24 Nisan 2010 Cumartesi

NAYÎ OSMAN DEDE (1642 ?-1729)


NAYÎ OSMAN DEDE(1642 ?-1729)

Nayî (Neyzen) Osman Dede'nin doğum tarihi kesin olarak belli değildir. Bu tarihin 1642-1647 yılları arasındaki bir tarih olduğu tahmin edilmektedir. Bazı kaynaklar Gelibolu'lu olduğunu, küçük yaşında İstabul'a geldiğini bildiriyorsa da hakkında bilgi veren kaynakların çoğu İstanbul'lu olduğunu ve Vefa semtinde doğduğunu söylüyor. Babası Süleymaniye Darüşşifası reis'ül-hüddamı Süleyman Efendi'dir. Tuhfe-i Hattatın yazarı Mustakîm-zâde Sâdeddin Efendi babası hakkında bilgi vererek "Bir pîr-i sâhib nefes ve hezar bîmar-ı bîhuşa devâres olmuş, Haccü'l harameyn bir zat-ı şerif idi" diyor.

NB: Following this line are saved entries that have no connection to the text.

theorem corollary6p17:
  fixes A :: "'a set"
  shows "\<exists>h. bij_betw h {C. is_clone A C} {B. is_block_subalg A B} \<and>
             (\<forall>C \<in> {C. is_clone A C}. \<forall>D \<in> {C. is_clone A C}. C \<subseteq> D \<longleftrightarrow> h C \<subseteq> h D)"
proof (intro exI conjI)
  let ?preimage = "\<lambda>B. {f \<in> ops A. top_ext A f \<in> B}"
  show "bij_betw (image (top_ext A)) {C. is_clone A C} {B. is_block_subalg A B}"
    by (rule bij_betw_byWitness[where f' = ?preimage])
      (auto simp: clone_preimage_image block_subalg_image_preimage
        clone_image_block_subalg block_subalg_preimage_clone)
  show "\<forall>C \<in> {C. is_clone A C}. \<forall>D \<in> {C. is_clone A C}.
      C \<subseteq> D \<longleftrightarrow> top_ext A ` C \<subseteq> top_ext A ` D"
  proof (intro ballI iffI)
    fix C D
    assume "C \<in> {C. is_clone A C}" "D \<in> {C. is_clone A C}" "top_ext A ` C \<subseteq> top_ext A ` D"
    then have "?preimage (top_ext A ` C) \<subseteq> ?preimage (top_ext A ` D)"
      by blast
    then show "C \<subseteq> D"
      using \<open>C \<in> _\<close> \<open>D \<in> _\<close> by (simp add: clone_preimage_image)
  qed blast
qed

end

Osman Dede, çok genç yaşından itibaren güzel sanatların mûsikî, şiir ve hat sanatı gibi kollarında çalışmaya başladı. Bu uğraşının sonucu olarak 1672 yılında, Galata Mevlevihânesi şeyhi Gavsi Dede'nin hizmetine girerek mevlevi oldu. Gavsi Dede, XVII. yüzyılın yetişdirdiği değerli ilim ve sanat adamlarındandı. Şiir ve hat sanatını iyi bilen, mensubu bulunduğu tarikatın gerektirdiği bilgileri nefsinde toplayan bir kimseydi. Osman Dede bu mevlevihâneye girdikten sonra, şeyhinin dizinin dibinde yetişti ve bu yetişmede bu kültür adamının büyük etkisi oldu. Bir yandan Arapça ve Farsça öğrenirken ney üflemeye ve tasavvufa çalışıyor, güzel yazı yazmayı öğreniyordu. Ney üflemesini üç yıllık "Çile" süresi içinde geliştirdiği söylenir.

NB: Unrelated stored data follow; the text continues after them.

(* Let $f$ be a permutation of $\mathbb{F}_q$, extended to a permutation of $\mathbb{P}^1(\mathbb{F}_q)$ fixing $\infty$, and let $k\ge1$. If $$f=\mu(x)\circ x^{q-2}\circ(x-a_k)\circ x^{q-2}\circ(x-a_{k-1})\circ\cdots\circ x^{q-2}\circ(x-a_1)$$ with $a_1,\dots,a_k\in\mathbb{F}_q$ and $\mu\in\mathbb{F}_q(x)$ of degree one, then $\mu$ is a degree-one polynomial in $\mathbb{F}_q[x]$. Consequently the set of all such representations of $f$ (tuples $(\mu;a_1,\dots,a_k)$ with $\mu\in\mathbb{F}_q[x]$ of degree one) is in bijection with the set of all representations $f=\nu(x)\circ(b_1,\infty)\circ\cdots\circ(b_k,\infty)$ with $b_1,\dots,b_k\in\mathbb{F}_q$ and $\nu\in\mathbb{F}_q(x)$ of degree one.
   Context: Let $q>2$ be a prime power, $\mathbb{F}_q$ the field with $q$ elements, $\mathbb{P}^1(\mathbb{F}_q)=\mathbb{F}_q\cup\{\infty\}$. Degree-one rational functions in $\mathbb{F}_q(x)$ act on $\mathbb{P}^1(\mathbb{F}_q)$ with the usual conventions. $x^{q-2}$ acts on $\mathbb{P}^1(\mathbb{F}_q)$ by fixing $0$ and $\infty$ and sending $c\in\mathbb{F}_q^*$ to $c^{-1}$. For $b\in\mathbb{F}_q$, $(b,\infty)$ is the transposition of $\mathbb{P}^1(\mathbb{F}_q)$ swapping $b$ and $\infty$. Composition is $(f\circ g)(x)=f(g(x))$, and equalities are of permutations of $\mathbb{P}^1(\mathbb{F}_q)$. *)

theory Defs
  imports "HOL-Computational_Algebra.Polynomial" "HOL-Computational_Algebra.Fraction_Field"
          "HOL-Combinatorics.Transposition" "HOL-Library.Cardinality"
begin

text \<open>P^1(F_q) is modelled as 'a option, with None playing the role of infinity.
  Rational functions in F_q(x) are elements of the fraction field 'a poly fract.\<close>

definition deg1_ratfuns :: "('a::field) poly fract set" where
  "deg1_ratfuns = {Fract [:b, a:] [:d, c:] | a b c d. a * d - b * c \<noteq> 0}"

definition deg1_polys :: "('a::field) poly fract set" where
  "deg1_polys = {Fract p 1 | p. degree p = 1}"

definition mob_act :: "'a::field \<Rightarrow> 'a \<Rightarrow> 'a \<Rightarrow> 'a \<Rightarrow> 'a option \<Rightarrow> 'a option" where
  "mob_act a b c d p = (case p of
      None \<Rightarrow> (if c = 0 then None else Some (a / c))
    | Some x \<Rightarrow> (if c * x + d = 0 then None else Some ((a * x + b) / (c * x + d))))"

definition ratfun_act :: "('a::field) poly fract \<Rightarrow> 'a option \<Rightarrow> 'a option" where
  "ratfun_act \<mu> = (SOME g. \<exists>a b c d. a * d - b * c \<noteq> 0 \<and>
       \<mu> = Fract [:b, a:] [:d, c:] \<and> g = mob_act a b c d)"

definition powinv :: "('a::{field,finite}) option \<Rightarrow> 'a option" where
  "powinv p = map_option (\<lambda>c. c ^ (CARD('a) - 2)) p"

definition shift :: "'a::field \<Rightarrow> 'a option \<Rightarrow> 'a option" where
  "shift a p = map_option (\<lambda>c. c - a) p"

text \<open>For as = [a_1,...,a_k]: x^(q-2) o (x - a_k) o ... o x^(q-2) o (x - a_1).\<close>
fun inv_chain :: "('a::{field,finite}) list \<Rightarrow> 'a option \<Rightarrow> 'a option" where
  "inv_chain [] = id"
| "inv_chain (a # as) = inv_chain as \<circ> (powinv \<circ> shift a)"

text \<open>For bs = [b_1,...,b_k]: (b_1,inf) o ... o (b_k,inf).\<close>
fun transp_chain :: "'a list \<Rightarrow> 'a option \<Rightarrow> 'a option" where
  "transp_chain [] = id"
| "transp_chain (b # bs) = transpose (Some b) None \<circ> transp_chain bs"

definition reps_inv :: "(('a::{field,finite}) \<Rightarrow> 'a) \<Rightarrow> nat \<Rightarrow> ('a poly fract \<times> 'a list) set" where
  "reps_inv f k = {(\<mu>, as). \<mu> \<in> deg1_polys \<and> length as = k \<and>
       map_option f = ratfun_act \<mu> \<circ> inv_chain as}"

definition reps_transp :: "(('a::{field,finite}) \<Rightarrow> 'a) \<Rightarrow> nat \<Rightarrow> ('a poly fract \<times> 'a list) set" where
  "reps_transp f k = {(\<nu>, bs). \<nu> \<in> deg1_ratfuns \<and> length bs = k \<and>
       map_option f = ratfun_act \<nu> \<circ> transp_chain bs}"

end

theory Submission
  imports Defs
begin

text \<open>On \<open>\<bbbP>\<^sup>1(\<bbbF>\<^sub>q)\<close> the map \<open>x\<^sup>q\<^sup>-\<^sup>2\<close> is \<open>c \<mapsto> c\<^sup>-\<^sup>1\<close> with \<open>0 \<mapsto> 0\<close>, so each block
  \<open>x\<^sup>q\<^sup>-\<^sup>2 \<circ> (x - a)\<close> equals the Moebius map \<open>1/(x - a)\<close> composed with the transposition
  \<open>(a,\<infinity>)\<close>. Conjugating a transposition by a Moebius map gives another transposition, so all
  Moebius factors can be collected on the left; this rewrites the chain as
  \<open>M \<circ> (b\<^sub>1,\<infinity>) \<circ> \<dots> \<circ> (b\<^sub>k,\<infinity>)\<close>, where \<open>(b\<^sub>i)\<close> depends bijectively on \<open>(a\<^sub>i)\<close>.
  The chain fixes \<open>\<infinity>\<close>, hence so does \<open>\<mu>\<close>, which makes \<open>\<mu>\<close> a polynomial. Finally a
  degree-one rational function is determined by its action on \<open>\<bbbP>\<^sup>1\<close>: two matrices act
  alike iff the adjugate of one times the other is scalar, iff the fractions coincide.\<close>

lemma power_card_minus_one_eq_1:
  fixes c :: "'a::{field,finite}"
  assumes "c \<noteq> 0"
  shows "c ^ (CARD('a) - 1) = 1"
proof -
  let ?S = "UNIV - {0::'a}"
  have "bij_betw (\<lambda>x. c * x) ?S ?S"
    by (rule bij_betw_byWitness[where f'="\<lambda>x. inverse c * x"]) (use assms in auto)
  then have "(\<Prod>x\<in>?S. c * x) = (\<Prod>x\<in>?S. x)"
    using prod.reindex_bij_betw[of _ ?S ?S "\<lambda>x. x"] by simp
  moreover have "(\<Prod>x\<in>?S. c * x) = c ^ card ?S * (\<Prod>x\<in>?S. x)"
    by (simp add: prod.distrib)
  moreover have "card ?S = CARD('a) - 1"
    by (simp add: card_Diff_singleton)
  ultimately show ?thesis by simp
qed

lemma power_card_minus_two_eq_inverse:
  fixes c :: "'a::{field,finite}"
  assumes "CARD('a) > 2"
  shows "c ^ (CARD('a) - 2) = inverse c"
proof (cases "c = 0")
  case True
  with assms show ?thesis by simp
next
  case False
  have "CARD('a) - 1 = Suc (CARD('a) - 2)" using assms by simp
  with power_card_minus_one_eq_1[OF False] have "c * c ^ (CARD('a) - 2) = 1" by simp
  with False show ?thesis by (simp add: field_simps)
qed

lemma powinv_comp_shift:
  assumes "CARD('a::{field,finite}) > 2"
  shows "powinv \<circ> shift a = map_option (\<lambda>x::'a. inverse (x - a))"
  by (simp add: powinv_def shift_def power_card_minus_two_eq_inverse[OF assms]
      fun_eq_iff option.map_comp comp_def)

subsection \<open>Moebius maps\<close>

lemma mob_act_id: "t \<noteq> 0 \<Longrightarrow> mob_act t 0 0 t = id"
  by (auto simp: mob_act_def fun_eq_iff split: option.splits)

lemma mob_act_comp:
  fixes a b c d a' b' c' d' :: "'a::field"
  assumes "a*d - b*c \<noteq> 0" "a'*d' - b'*c' \<noteq> 0"
  shows "mob_act a b c d \<circ> mob_act a' b' c' d' =
         mob_act (a*a'+b*c') (a*b'+b*d') (c*a'+d*c') (c*b'+d*d')"
proof
  fix p
  show "(mob_act a b c d \<circ> mob_act a' b' c' d') p =
         mob_act (a*a'+b*c') (a*b'+b*d') (c*a'+d*c') (c*b'+d*d') p"
  proof (cases p)
    case None
    show ?thesis
    proof (cases "c' = 0")
      case True
      with assms(2) have "a' \<noteq> 0" by auto
      with True None show ?thesis by (simp add: mob_act_def)
    next
      case False
      have "c*a'+d*c' = c' * (c * (a'/c') + d)" "a*a'+b*c' = c' * (a * (a'/c') + b)"
        using False by (simp_all add: field_simps)
      with False None show ?thesis by (simp add: mob_act_def)
    qed
  next
    case (Some x)
    show ?thesis
    proof (cases "c'*x + d' = 0")
      case True
      then have d': "d' = - c'*x" by (simp add: eq_neg_iff_add_eq_0 algebra_simps)
      have "a'*d' - b'*c' = - c' * (a'*x+b')" by (simp add: d' algebra_simps)
      with assms(2) have "a'*x+b' \<noteq> 0" "c' \<noteq> 0" by auto
      moreover have "(c*a' + d*c')*x + (c*b' + d*d') = c * (a'*x+b')"
        "(a*a' + b*c')*x + (a*b' + b*d') = a * (a'*x+b')"
        by (simp_all add: d' algebra_simps)
      ultimately show ?thesis using True Some by (simp add: mob_act_def)
    next
      case False
      let ?y = "(a'*x+b')/(c'*x+d')"
      have "(c*a' + d*c')*x + (c*b' + d*d') = (c'*x+d') * (c * ?y + d)"
        "(a*a' + b*c')*x + (a*b' + b*d') = (c'*x+d') * (a * ?y + b)"
        using False by (simp_all add: field_simps)
      with False Some show ?thesis by (simp add: mob_act_def)
    qed
  qed
qed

Söylentiye göre bir gün Gavsi Dede'ye Halil Efendi adında bir dostu ziyarete gelmiş. Bir süre sohbetten sonra her ikisinin de canı ney dinlemek istemiş. O gün de usta neyzenlerden dergâhta hiç kimse yokmuş. O sıralarda çok genç ve emekleme döneminde bulunan Osman Dede'ye ney çaldırtmışlar. Bütün acemiliğine rağmen genç sanatkârdaki kabiliyeti sezen Halil Efendi, bu genç delikanlının ileride neyzenbaşı olabileceğini Gavsi Dede'ye söyleyerek takdirlerini belirtmiş.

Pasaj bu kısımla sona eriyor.